Both Jelina’s sister and brother have put themselves forward as potential kidney donors. However, they will need to wait and see whether it is medically possible to go ahead with either sibling for a transplant.

Jelina says: “After 16 years, I thought research would have moved on further to find ways to prevent kidney failure and make receiving a transplant more straightforward. It does take time, but I think it’s realistic to envisage a future where kidneys can be made available for more people. If you could tailor a kidney for individual patients to take into consideration things like blood type and antibodies that would be amazing.

“At the other end of the spectrum, if we can identify kidney disease earlier, particularly in groups at higher risk, then we can intervene to prevent or delay kidney failure. Both approaches would help reduce the number of people needing dialysis.”

The future that Jelina hopes for is currently being worked on by researchers, including Professor Mike Nicholson and Serena MacMillan, who have successfully altered the blood type of donor kidneys. Learn more.

Jelina continues to be an extraordinary advocate for kidney health, raising awareness about organ donation in minority ethnic communities, campaigning for change at the Scottish Parliament and providing a patient perspective to influence research as part of Kidney Research UK’s lay advisory group (LAG).

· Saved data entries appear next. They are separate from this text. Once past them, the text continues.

subsection \<open>Capacity and the exterior of the disc\<close>

lemma circle_integral_potential_centered:
  assumes "radius < \<rho>"
  shows "integral {0..2*pi} (\<lambda>t. potential (of_real \<rho> * cis t)) = 2 * pi * - ln \<rho>"
proof -
  have \<rho>: "0 < \<rho>" using assms radius_nonneg by simp
  have "AE y in \<mu>. \<forall>t. \<rho> - radius \<le> cmod (0 + of_real \<rho> * cis t - y)"
    using AE_in_K
  proof eventually_elim
    case (elim y)
    show ?case
    proof
      fix t
      show "\<rho> - radius \<le> cmod (0 + of_real \<rho> * cis t - y)"
        using norm_triangle_ineq2[of "of_real \<rho> * cis t" y] norm_le_radius[OF elim] \<rho>
        by (simp add: norm_mult)
    qed
  qed
  moreover have "AE y in \<mu>. integral {0..2*pi} (\<lambda>t. - ln (cmod (0 + of_real \<rho> * cis t - y))) = 2 * pi * - ln \<rho>"
    using AE_in_K
  proof eventually_elim
    case (elim y)
    have "norm (- cnj y) < norm (of_real \<rho> :: complex)" using norm_le_radius[OF elim] assms \<rho> by simp
    from has_integral_neg[OF has_integral_ln_norm_add_cis[OF this]]
    have "((\<lambda>t. - ln (cmod (of_real \<rho> * cis t - y))) has_integral - (2 * pi * ln \<rho>)) {0..2*pi}"
      using \<rho> by (simp only: norm_of_real_cis_diff[symmetric] norm_of_real abs_of_pos)
    from integral_unique[OF this] show ?case by simp
  qed
  ultimately show ?thesis
    using circle_integral_potential[of "\<rho> - radius" 0 \<rho> "\<lambda>_. 2 * pi * - ln \<rho>"] assms by simp
qed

She has also broken new ground, having been selected as the first female player for the Scottish transplant football team for the European Transplant Football Championships which took place in April 2025.

Jelina says: “We need to raise more awareness of kidney disease so that action can be taken to make a difference to patient’s lives. Research takes time, so it’s important to me to campaign for change and contribute to those studies from a patient perspective today.”